He Wangli, Cao Jinde
Department of Mathematics, Southeast University, Nanjing, China.
Chaos. 2009 Mar;19(1):013118. doi: 10.1063/1.3076397.
In this paper, generalized synchronization of two chaotic systems is investigated. The auxiliary system approach, which is suggested by H. Abarbanel, N. Rulkov, and M. Sushchik [Phys. Rev. E 53, 4528 (1996)], is used to detect and study generalized synchronization.
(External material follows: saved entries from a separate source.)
lemma knows_ball_step:
  assumes w: "wf_pgraph g" and v: "v < length g"
    and IH: "\<And>u. u < length g \<Longrightarrow> knows_ball g t u (K u)"
  shows "knows_ball g (Suc t) v (K v @ concat (map K (g ! v)))"
proof -
  have nbr: "u < length g" if "u \<in> set (g ! v)" for u
    using wf_pgraphD(3)[OF w v that] .
  obtain K' where own: "K v = (v # g ! v) # K'"
    using IH[OF v] unfolding knows_ball_def by blast
  have "set (K u) \<subseteq> {u # g ! u | u. u < length g}" if "u \<in> set (g ! v)" for u
    using knows_ballD(2)[OF IH[OF nbr[OF that]]] .
  then have sub: "set (K v @ concat (map K (g ! v))) \<subseteq> {u # g ! u | u. u < length g}"
    using knows_ballD(2)[OF IH[OF v]] by auto
  have ball: "x # g ! x \<in> set (K v @ concat (map K (g ! v)))"
    if "k \<le> Suc t" "(v, x) \<in> pg_edges g ^^ k" for k x
  proof (cases k)
    case 0
    with that(2) own show ?thesis by simp
  next
    case (Suc j)
    with that obtain u where u: "(v, u) \<in> pg_edges g" "(u, x) \<in> pg_edges g ^^ j" "j \<le> t"
      by (metis Suc_le_mono relpow_Suc_E2)
    then have uv: "u \<in> set (g ! v)" by (simp add: pg_edges_def)
    have "x # g ! x \<in> set (K u)"
      using knows_ballD(3)[OF IH[OF nbr[OF uv]] u(3,2)] .
    with uv show ?thesis by auto
  qed
  show ?thesis
    unfolding knows_ball_def using own sub ball by auto
qed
Based on the Lyapunov method and matrix measure, some less restrictive criteria are obtained to guarantee the asymptotical stability of the error system between the response system and the auxiliary system, which indicates the drive-response systems are synchronized in a general sense. It is shown that the feedback gain can be reduced by means of the matrix measure approach, compared to the norm method. All theoretical results are illustrated by analytical and numerical examples.
本文研究了两个混沌系统的广义同步。采用H. Abarbanel、N. Rulkov和M. Sushchik [《物理评论E》53, 4528 (1996)] 提出的辅助系统方法来检测和研究广义同步。基于李雅普诺夫方法和矩阵测度,得到了一些限制较少的准则,以保证响应系统与辅助系统之间误差系统的渐近稳定性,这表明驱动-响应系统在广义意义上是同步的。结果表明,与范数方法相比,通过矩阵测度方法可以降低反馈增益。所有理论结果都通过解析和数值例子进行了说明。